I had a need to listen to two songs at work…
“If Today Was Your Last Day” by Nickelback
“Maybe Tonight, Maybe Tomorrow” by WideAwake
I was having a bit of a sad day. Yesterday, I got a letter from Eastport United Methodist Church in Annapolis (AFD’s chaplain, MaAn Barcelo, is the pastor there) letting me know that they are having a memorial service on All Saint’s Day and would like to say John’s name and project a photo of him. The invited Nathaniel and I to attend.

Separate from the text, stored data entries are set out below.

theorem theorem18p4:
  fixes d :: nat and A As :: "'a::field mat" and E Es :: "nat \<Rightarrow> 'a mat"
    and th :: "nat \<Rightarrow> 'a"
  assumes "leonard_system d A As E Es"
    and "inj_on th {0..d}" and "\<forall>i\<le>d. eigenvalue A (th i)"
    and "\<forall>i\<le>d. E i = prim_idem d A th i"
  shows "(\<forall>i\<le>d. \<forall>j\<le>d.
            (\<Sum>r\<le>d. poly (ls_p (ls_a A Es) (ls_x A Es) i) (th r)
                    * poly (ls_p (ls_a A Es) (ls_x A Es) j) (th r) * ls_m E Es r)
            = (if i = j then (\<Prod>k\<in>{1..i}. ls_x A Es k) else 0))
       \<and> (\<forall>r\<le>d. \<forall>s\<le>d.
            (\<Sum>i\<le>d. poly (ls_p (ls_a A Es) (ls_x A Es) i) (th r)
                    * poly (ls_p (ls_a A Es) (ls_x A Es) i) (th s)
                    / (\<Prod>k\<in>{1..i}. ls_x A Es k))
            = (if r = s then inverse (ls_m E Es r) else 0))"
proof -
  let ?n = "Suc d"
  have A: "A \<in> carrier_mat ?n ?n" and As: "As \<in> carrier_mat ?n ?n"
    using assms(1) by (simp_all add: leonard_system_def multiplicity_free_def)
  obtain ths where ths: "inj_on ths {0..d}" "\<forall>i\<le>d. eigenvalue As (ths i)"
    "\<forall>i\<le>d. Es i = prim_idem d As ths i"
    using assms(1) by (auto simp: leonard_system_def idem_ordering_def)
  obtain W Wi where W: "W \<in> carrier_mat ?n ?n" "Wi \<in> carrier_mat ?n ?n"
    "W * Wi = 1\<^sub>m ?n" "Wi * W = 1\<^sub>m ?n" and Es: "\<And>k. k \<le> d \<Longrightarrow> Es k = W * diag_unit ?n k * Wi"
    using prim_idem_diagonalization[OF As ths(1,2)] ths(3) by metis
  obtain V Vi where V: "V \<in> carrier_mat ?n ?n" "Vi \<in> carrier_mat ?n ?n"
    "V * Vi = 1\<^sub>m ?n" "Vi * V = 1\<^sub>m ?n" and AV: "A * V = V * mat_diag ?n th"
    and E: "\<And>k. k \<le> d \<Longrightarrow> E k = V * diag_unit ?n k * Vi"
    using prim_idem_diagonalization[OF A assms(2,3)] assms(4) by metis
  note T = leonard_system_tridiagonal[OF assms(1) W(1,2,4) Es]
  note basis = change_of_basis[OF A mat_diag_dim V W AV]
  have U: "Wi * V \<in> carrier_mat ?n ?n" "Vi * W \<in> carrier_mat ?n ?n"
    using V W by simp_all
  have m: "ls_m E Es r = (Vi * W) $$ (r, 0) * (Wi * V) $$ (0, r)" if "r \<le> d" for r
    unfolding ls_m_def using that E Es V W by (simp add: mtrace_diag_unit_products)
  show ?thesis
    using tridiagonal_orthogonality[OF T(1) U basis]
      tridiagonal_dual_orthogonality[OF T(1) U basis T(2)] m
    by simp
qed

end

I was honored and saddened at the same time. Another goodbye to a great man… goodbye… Another photo to pick. Have you ever thought… if you were to die what photo you would want to depict your life? If you could only choose one photo… would it be one from your childhood? One with a beloved pet? One with your parents? Your sibling(s)? Your wedding photo? A photo with your kid(s)? A photo with a favorite car? With your house? From a vacation? A work photo? Completing a hobby? How do you condense a whole life into one photo?

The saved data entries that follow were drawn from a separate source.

(* For all $s\in\mathbb Z_+$ and $\gamma\in[0,1]$, \[ \Big\|\mathrm{diag}\big(Q\,\mathrm{diag}(Q^s)J\big)-\frac{\mathrm{tr}(Q^s)}{N^2}I\Big\|\le\Big\|\frac1N\mathrm{diag}(Q^s)-\frac{\mathrm{tr}(Q^s)}{N^2}I\Big\|\le\min\left\{\frac{4\min_{x\in E}[N-\#\mathcal R^\gamma_Q(x,s)]}{N}+\gamma,\ \frac{2\,\mathrm{tr}(|Q|^s;Q<1)}{N}\right\}. \]
   Context: $E$ is a finite set with $N=\#E>8$ elements, listed in a fixed order; $Q$ is an irreducible stochastic matrix on $E$ with $Q(x,y)=Q(y,x)$ for all $x,y$ and $\mathrm{tr}(Q)=0$. $I$ is the identity, $J$ the matrix with all entries $1/N$, $\mathrm{diag}(C)$ the diagonal matrix with the same diagonal as $C$. $\|C\|=\sum_{x,y\in E}|C(x,y)|$. $\mathcal R^\gamma_Q(x,s)=\{y\in E:|Q^s(x,x)-Q^s(y,y)|\le\gamma\}$. For a function $f$ on $[-1,1]$ and $A\subseteq\mathbb R$, $\mathrm{tr}(f(Q);Q\in A)=\mathrm{tr}(f(Q)\mathbf 1_A(Q))=\sum_{q\in A}f(q)$ over eigenvalues $q$ of $Q$ with multiplicity; in particular $\mathrm{tr}(|Q|^s;Q<1)=\sum_{q<1}|q|^s$. *)

theory Defs
  imports "Jordan_Normal_Form.Matrix" "Jordan_Normal_Form.Char_Poly"
          "HOL-Computational_Algebra.Polynomial"
begin

text \<open>Matrices on E are N x N real matrices (E = {0..<N} in its fixed order).\<close>

definition mtrace :: "real mat \<Rightarrow> real" where
  "mtrace C = (\<Sum>i<dim_row C. C $$ (i,i))"

definition mdiag :: "real mat \<Rightarrow> real mat" where
  "mdiag C = mat (dim_row C) (dim_col C) (\<lambda>(i,j). if i = j then C $$ (i,i) else 0)"

definition Jmat :: "nat \<Rightarrow> real mat" where
  "Jmat N = mat N N (\<lambda>_. 1 / real N)"

definition entry_norm :: "real mat \<Rightarrow> real" where
  "entry_norm C = (\<Sum>i<dim_row C. \<Sum>j<dim_col C. \<bar>C $$ (i,j)\<bar>)"

definition stochastic :: "nat \<Rightarrow> real mat \<Rightarrow> bool" where
  "stochastic N Q \<longleftrightarrow> Q \<in> carrier_mat N N \<and>
     (\<forall>i<N. \<forall>j<N. Q $$ (i,j) \<ge> 0) \<and> (\<forall>i<N. (\<Sum>j<N. Q $$ (i,j)) = 1)"

definition irreducible_mat :: "nat \<Rightarrow> real mat \<Rightarrow> bool" where
  "irreducible_mat N Q \<longleftrightarrow> (\<forall>i<N. \<forall>j<N. \<exists>n. (Q ^\<^sub>m n) $$ (i,j) > 0)"

definition Rset :: "nat \<Rightarrow> real mat \<Rightarrow> real \<Rightarrow> nat \<Rightarrow> nat \<Rightarrow> nat set" where
  "Rset N Q \<gamma> x s = {y. y < N \<and> \<bar>(Q ^\<^sub>m s) $$ (x,x) - (Q ^\<^sub>m s) $$ (y,y)\<bar> \<le> \<gamma>}"

text \<open>Eigenvalues of Q counted with algebraic multiplicity (roots of the characteristic
  polynomial; for symmetric real Q all of them are real).\<close>
definition eigs :: "real mat \<Rightarrow> real multiset" where
  "eigs Q = proots (char_poly Q)"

Then there was the feeling that since it was in AFD chaplain’s church maybe I should use the official photo from Annapolis Fire Department. At the same time, John was never one who was into formal outfits and ceremonies. The formal photo wasn’t him. He was a firefighter through and through, but the kind who wears turnout gear and does the real work. The kind who loves his job and hopes to be a part of “the big ones.”
So, in the end, I took the easy way out… through tears, I picked some of my favorite photos of John and sent them off in an e-mail with the words: “I’ll let you pick, whichever you choose will be perfect.”

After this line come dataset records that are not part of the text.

lemma integrable_H3_Stein_operator:
  "integrable lborel (\<lambda>z. std_normal_density z * H3_Stein_operator f (H3 z))"
proof -
  let ?\<phi> = std_normal_density
  have "integrable lborel (\<lambda>z. 1944 * (?\<phi> z * F 5 z) - 486 * (?\<phi> z * ((H3 z)\<^sup>2 * F 5 z))
      - 486 * (?\<phi> z * (H3 z * F 4 z)) - 216 * (?\<phi> z * F 3 z) + 27 * (?\<phi> z * ((H3 z)\<^sup>2 * F 3 z))
      + 99 * (?\<phi> z * (H3 z * F 2 z)) + 6 * (?\<phi> z * F 1 z) - ?\<phi> z * (H3 z * F 0 z))"
    by (intro Bochner_Integration.integrable_add Bochner_Integration.integrable_diff
        integrable_mult_right integrable_H3_sq integrable_H3 integrable_F) auto
  also have "(\<lambda>z. 1944 * (?\<phi> z * F 5 z) - 486 * (?\<phi> z * ((H3 z)\<^sup>2 * F 5 z))
      - 486 * (?\<phi> z * (H3 z * F 4 z)) - 216 * (?\<phi> z * F 3 z) + 27 * (?\<phi> z * ((H3 z)\<^sup>2 * F 3 z))
      + 99 * (?\<phi> z * (H3 z * F 2 z)) + 6 * (?\<phi> z * F 1 z) - ?\<phi> z * (H3 z * F 0 z))
      = (\<lambda>z. ?\<phi> z * H3_Stein_operator f (H3 z))"
    by (simp add: fun_eq_iff H3_Stein_operator_def F_def algebra_simps)
  finally show ?thesis .
qed

lemma integral_H3_Stein_operator_eq_0:
  "(LINT z|lborel. std_normal_density z * H3_Stein_operator f (H3 z)) = 0"
proof (rule limit_eq_0_if_derivative_div)
  show "((\<lambda>t. P t - P (-t)) \<longlongrightarrow> (LINT z|lborel. std_normal_density z * H3_Stein_operator f (H3 z))) at_top"
    by (rule tendsto_integral_if_has_real_derivative[OF has_real_derivative_P integrable_H3_Stein_operator])
  show "((\<lambda>t. u t - u (-t)) has_real_derivative (P t - P (-t)) / t - (S t - S (-t)) / t) (at t)"
    if "2 \<le> t" for t
    using that by (intro has_real_derivative_u_odd_part) auto
  have "set_integrable lborel {2..} u" "set_integrable lborel {2..} (\<lambda>t. u (-t))"
    by (intro set_integrable_tails_if_bounded[OF integrable_majorant] abs_u_le_majorant; simp add: u_def[abs_def])+
  then show "set_integrable lborel {2..} (\<lambda>t. u t - u (-t))"
    by (rule set_integral_diff)
  have "set_integrable lborel {2..} (\<lambda>t. S t / t)" "set_integrable lborel {2..} (\<lambda>t. S (-t) / (-t))"
    by (intro set_integrable_tails_if_bounded[of "\<lambda>z. 3000 * majorant z"] integrable_majorant abs_S_div_le_majorant
        integrable_mult_right; simp add: S_def[abs_def])+
  from set_integral_add(1)[OF this] show "set_integrable lborel {2..} (\<lambda>t. (S t - S (-t)) / t)"
    by (simp add: diff_divide_distrib)
qed simp

end

end

theorem proposition2p3:
  fixes M :: "'a measure" and Z :: "'a \<Rightarrow> real" and f :: "real \<Rightarrow> real"
  assumes "prob_space M"
    and "distributed M lborel Z std_normal_density"
    and "\<And>k x. k < 5 \<Longrightarrow> (kderiv k f has_real_derivative kderiv (Suc k) f x) (at x)"
    and "\<And>i. i \<in> {3, 5} \<Longrightarrow>
           integrable M (\<lambda>\<omega>. (H3 (Z \<omega>))\<^sup>2 * kderiv i f (H3 (Z \<omega>)))"
    and "\<And>j. j \<in> {0, 2, 4} \<Longrightarrow>
           integrable M (\<lambda>\<omega>. H3 (Z \<omega>) * kderiv j f (H3 (Z \<omega>)))"
    and "\<And>k. k \<in> {1, 3, 5} \<Longrightarrow>
           integrable M (\<lambda>\<omega>. kderiv k f (H3 (Z \<omega>)))"
  shows "(\<integral>\<omega>. (let X = H3 (Z \<omega>) in
            486 * (4 - X\<^sup>2) * kderiv 5 f X - 486 * X * kderiv 4 f X
            - 27 * (8 - X\<^sup>2) * kderiv 3 f X + 99 * X * kderiv 2 f X
            + 6 * kderiv 1 f X - X * f X) \<partial>M) = 0"
proof -
  interpret five_times_differentiable f
    by unfold_locales (fact assms(3))
  have integrable_lborel: "integrable lborel (\<lambda>z. std_normal_density z * g (H3 z))"
    if "integrable M (\<lambda>\<omega>. g (H3 (Z \<omega>)))" "g \<in> borel_measurable borel" for g
    using distributed_integrable[OF assms(2), of "\<lambda>z. g (H3 z)"] that by simp
  have "(LINT z|lborel. std_normal_density z * H3_Stein_operator f (H3 z)) = 0"
  proof (rule integral_H3_Stein_operator_eq_0)
    show "integrable lborel (\<lambda>z. std_normal_density z * ((H3 z)\<^sup>2 * F i z))" if "i \<in> {3, 5}" for i
      using integrable_lborel[OF assms(4)[OF that]] that by (auto simp: F_def)
    show "integrable lborel (\<lambda>z. std_normal_density z * (H3 z * F j z))" if "j \<in> {0, 2, 4}" for j
      using integrable_lborel[OF assms(5)[OF that]] that by (auto simp: F_def)
    show "integrable lborel (\<lambda>z. std_normal_density z * F k z)" if "k \<in> {1, 3, 5}" for k
      using integrable_lborel[OF assms(6)[OF that]] that by (auto simp: F_def)
  qed
  moreover have "(LINT z|lborel. std_normal_density z * H3_Stein_operator f (H3 z))
      = (\<integral>\<omega>. H3_Stein_operator f (H3 (Z \<omega>)) \<partial>M)"
    by (rule distributed_integral[OF assms(2)]) auto
  ultimately show ?thesis
    by (simp add: H3_Stein_operator_def Let_def)
qed

end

I’m hoping I can find somebody local to drive with me to Annapolis and then I’ll have some moral support, an extra hand for Nathaniel, and a friend to drive with. It’s one of those events that I may get through just fine, or I may become a puddle on the ground. I can try to mentally prepare, but I can’t forecast my emotions.
Overnight at my break, I took my walk in the circle. It was raining, but I needed my quite time alone for thought and reflection. I ended up crying, but that’s fine. I need time to cry and to grieve. I also feel that I need to be able to do most of it away from Nathaniel. It is my silent grief… for me alone. At this point in his life I feel that Nathaniel doesn’t need to know that Mommy isn’t whole and her heart is broken… he’s too young to understand and he doesn’t need worries in his young mind. We’ll make things work… somehow… we have to.
Driving home in the AM, it was still raining… a dreary Tuesday… another week without him… people can keep their “I hate Mondays.” and I’ll stick with “Missing Him Tuesdays.”
Luckily, I was able to chat with two great friends in the early morning hours and I got myself out of my dreary Tuesday funk…
Love always- especially on dreary, drizzly “Missing Him Tuesday.”